Kenneth Ballenegger@kob
The more I build Klaw, the more I think durable agents are codebases with language interfaces, not prompts with tool access.
The default agent pattern still feels like:
Write a big prompt.
Give the model a pile of tools.
Hope it reasons through the workflow correctly every time.
That works for demos. It’s not a great foundation for anything you want running every day.
For repeatable work, the agent should not be rediscovering the procedure from scratch. It should be calling something known.
A script.
A CLI.
A queue worker.
A typed adapter.
A deterministic parser.
A database query.
A narrow classifier.
A job with logs, retries, validation, and boring failure modes.
Then the language model does the part it’s actually good at: summarizing messy inputs, drafting text, classifying ambiguous cases, ranking options, explaining results, or choosing between known paths.
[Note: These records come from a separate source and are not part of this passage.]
lemma step3_outputE:
  assumes "step3_output V T H"
  obtains r vis Tr where
    "\<And>C. C \<in> ucomponents V (T - bridges V T) \<Longrightarrow>
       r C \<in> C \<and> dfs_reach (comp_edges T (bridges V T) C) (r C) [] (vis C) (Tr C)"
    "\<And>C. C \<in> ucomponents V (T - bridges V T) \<Longrightarrow>
       dfs_orientation (comp_edges T (bridges V T) C) (vis C) (Tr C) \<subseteq> H"
    "uedges (bridges V T) \<subseteq> H"
proof -
  from assms obtain r vis Tr where
    dfs: "\<forall>C\<in>ucomponents V (T - bridges V T).
      r C \<in> C \<and> dfs_reach (comp_edges T (bridges V T) C) (r C) [] (vis C) (Tr C)" and
    H: "H = (\<Union>C\<in>ucomponents V (T - bridges V T).
          {(u, v). {u, v} \<in> comp_edges T (bridges V T) C \<and> pre (vis C) u < pre (vis C) v \<and> {u, v} \<in> Tr C}
        \<union> {(v, u). {u, v} \<in> comp_edges T (bridges V T) C \<and> pre (vis C) u < pre (vis C) v \<and> {u, v} \<notin> Tr C})
       \<union> {(u, v). {u, v} \<in> bridges V T}"
    unfolding step3_output_def Let_def by blast
  show thesis
  proof (rule that)
    show "dfs_orientation (comp_edges T (bridges V T) C) (vis C) (Tr C) \<subseteq> H"
      if "C \<in> ucomponents V (T - bridges V T)" for C
      using that unfolding H dfs_orientation_def by blast
  qed (use dfs H in \<open>auto simp: uedges_def\<close>)
qed

lemma ucomponentsE:
  assumes "C \<in> ucomponents V E"
  obtains c where "c \<in> V" "C = {v \<in> V. (c, v) \<in> (uedges E)\<^sup>*}"
  using assms unfolding ucomponents_def by blast

lemma bridgeless_comp_edges:
  assumes "simple_ugraph V T" "C \<in> ucomponents V (T - bridges V T)"
  shows "bridgeless (comp_edges T (bridges V T) C)"
  unfolding bridgeless_def
proof (intro allI impI)
  let ?F = "T - bridges V T"
  fix x y assume xy: "{x, y} \<in> comp_edges T (bridges V T) C"
  then have "{x, y} \<in> ?F" "x \<in> C" by (auto simp: comp_edges_def)
  from assms(2) obtain c where C: "C = {v \<in> V. (c, v) \<in> (uedges ?F)\<^sup>*}" by (rule ucomponentsE)
  have "(x, y) \<in> (uedges (?F - {{x, y}}))\<^sup>*"
    using reach_without_bridges[OF assms(1) \<open>{x, y} \<in> ?F\<close>] .
  from rtrancl_uedges_component[OF this _ simple_ugraph_subset[OF assms(1)] C \<open>x \<in> C\<close>]
  have "(x, y) \<in> (uedges {f \<in> ?F - {{x, y}}. f \<subseteq> C})\<^sup>*" by blast
  moreover have "{f \<in> ?F - {{x, y}}. f \<subseteq> C} = comp_edges T (bridges V T) C - {{x, y}}"
    unfolding comp_edges_def by blast
  ultimately show "(x, y) \<in> (uedges (comp_edges T (bridges V T) C - {{x, y}}))\<^sup>*" by simp
qed

lemma component_subset_dfs_visited:
  assumes "simple_ugraph V T" "C \<in> ucomponents V (T - Eb)" "r \<in> C"
    and "dfs_reach (comp_edges T Eb C) r [] vis Tr" "bridgeless (comp_edges T Eb C)"
  shows "C \<subseteq> set vis"
proof
  let ?F = "T - Eb"
  fix w assume "w \<in> C"
  from assms(2) obtain c where C: "C = {v \<in> V. (c, v) \<in> (uedges ?F)\<^sup>*}" by (rule ucomponentsE)
  have "(c, r) \<in> (uedges ?F)\<^sup>*" using assms(3) C by simp
  then have "(r, c) \<in> (uedges ?F)\<^sup>*" by (rule rtrancl_uedges_sym)
  moreover have "(c, w) \<in> (uedges ?F)\<^sup>*" using \<open>w \<in> C\<close> C by simp
  ultimately have "(r, w) \<in> (uedges ?F)\<^sup>*" by (rule rtrancl_trans)
  from rtrancl_uedges_component[OF this order_refl simple_ugraph_subset[OF assms(1)] C assms(3)]
  have "(r, w) \<in> (uedges (comp_edges T Eb C))\<^sup>*" unfolding comp_edges_def by simp
  then show "w \<in> set vis"
    using dfs_complete_strongly_connected(1,2)[OF assms(4,5)] by (rule rtrancl_uedges_closed)
qed

lemma step3_output_strongly_connected:
  assumes "simple_ugraph V T" "uconnected V T" "step3_output V T H"
  shows "strongly_connected V H"
proof -
  let ?Eb = "bridges V T"
  obtain r vis Tr where
    dfs: "\<And>C. C \<in> ucomponents V (T - ?Eb) \<Longrightarrow>
       r C \<in> C \<and> dfs_reach (comp_edges T ?Eb C) (r C) [] (vis C) (Tr C)" and
    oriented: "\<And>C. C \<in> ucomponents V (T - ?Eb) \<Longrightarrow>
       dfs_orientation (comp_edges T ?Eb C) (vis C) (Tr C) \<subseteq> H" and
    bridges: "uedges ?Eb \<subseteq> H"
    using assms(3) by (rule step3_outputE) blast
  have "(a, b) \<in> H\<^sup>*" if ab: "{a, b} \<in> T" for a b
  proof (cases "{a, b} \<in> ?Eb")
    case True
    then show ?thesis using bridges by (auto simp: uedges_def)
  next
    case False
    define C where "C = {v \<in> V. (a, v) \<in> (uedges (T - ?Eb))\<^sup>*}"
    have "a \<in> V" "b \<in> V" using simple_ugraph_edge_vertices[OF assms(1) ab] by simp_all
    then have C: "C \<in> ucomponents V (T - ?Eb)" "a \<in> C" "b \<in> C"
      using ab False unfolding C_def ucomponents_def uedges_def by auto
    note NB = bridgeless_comp_edges[OF assms(1) C(1)]
    have "C \<subseteq> set (vis C)"
      using component_subset_dfs_visited[OF assms(1) C(1) _ _ NB] dfs[OF C(1)] by blast
    with C(2,3) have "(a, b) \<in> (dfs_orientation (comp_edges T ?Eb C) (vis C) (Tr C))\<^sup>*"
      using dfs_complete_strongly_connected(3)[OF conjunct2[OF dfs[OF C(1)]] NB] by blast
    then show ?thesis using rtrancl_mono[OF oriented[OF C(1)]] by blast
  qed
  then have "(uedges T)\<^sup>* \<subseteq> H\<^sup>*" by (intro rtrancl_subset_rtrancl) (auto simp: uedges_def)
  then show ?thesis using assms(2) unfolding uconnected_def strongly_connected_def by blast
qed

theorem theorem2:
  fixes V :: "'a set" and Eu T0 :: "'a set set" and H :: "nat \<Rightarrow> ('a \<times> 'a) set"
  assumes "simple_ugraph V Eu"
    and "uconnected V Eu"
    and "card V \<ge> 2"
    and "spanning_tree V Eu T0"
    and "\<forall>K \<le> card (Eu - T0). \<exists>T. (T0, T) \<in> (greedy_step Eu) ^^ K \<and> step3_output V T (H K)"
  shows "(\<forall>K \<le> card (Eu - T0). strongly_connected V (H K)) \<and>
         Min ((\<lambda>K. Phi V (H K)) ` {0 .. card (Eu - T0)})
           \<le> 2 * umaxdeg V T0 * (udiam V T0)^2 * (1 + umaxdeg V T0) ^ (4 * udiam V T0)"
proof -
  have T0: "T0 \<subseteq> Eu" "uconnected V T0" "\<nexists>xs. ucycle T0 xs"
    using assms(4) unfolding spanning_tree_def by blast+
  have "strongly_connected V (H K)" if K: "K \<le> card (Eu - T0)" for K
  proof -
    obtain T where T: "(T0, T) \<in> (greedy_step Eu) ^^ K" "step3_output V T (H K)"
      using assms(5) K by blast
    have "T0 \<subseteq> T" "T \<subseteq> Eu" using relpow_greedy_step_between[OF T0(1) T(1)] by simp_all
    then show ?thesis
      using step3_output_strongly_connected[OF _ _ T(2)] simple_ugraph_subset[OF assms(1)]
        uconnected_mono[OF T0(2)] by blast
  qed
  moreover have "Phi V (H 0) = 2 * umaxdeg V T0 * (udiam V T0)^2 * (1 + umaxdeg V T0) ^ (4 * udiam V T0)"
  proof -
    have simple: "simple_ugraph V T0" using simple_ugraph_subset[OF assms(1) T0(1)] .
    have "step3_output V T0 (H 0)" using assms(5)[rule_format, of 0] by simp
    then have "H 0 = uedges T0" using step3_output_acyclic bridges_acyclic[OF simple T0(3)] by blast
    then show ?thesis using Phi_uedges[OF simple] by simp
  qed
  moreover have "Min ((\<lambda>K. Phi V (H K)) ` {0 .. card (Eu - T0)}) \<le> Phi V (H 0)"
    by (rule Min_le) auto
  ultimately show ?thesis by simp
qed

end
This sounds less magical. I think it’s much closer to how useful personal agents actually work.
Code gathers the data.
Code validates it.
Code computes the numbers.
Code checks source-of-truth state.
Code handles retries and side effects.
Then, when needed, the model gets a narrow job:
“Summarize this.”
“Classify this into one of these categories.”
“Explain these options.”
“Draft the reply, using this evidence.”
“Choose the next step from this list.”
That split matters.
If an LLM is doing the math, checking the state, deciding which source of truth matters, and writing the final answer all in one big mushy pass, you’ll eventually get weird failures.
If code computes the answer and the LLM explains it, the system is much easier to trust.
Same for email, travel, finance, contacts, reminders, dashboards, approvals. Basically anything personal enough that being wrong is annoying or expensive.
The job of the agent is not to be clever at every step.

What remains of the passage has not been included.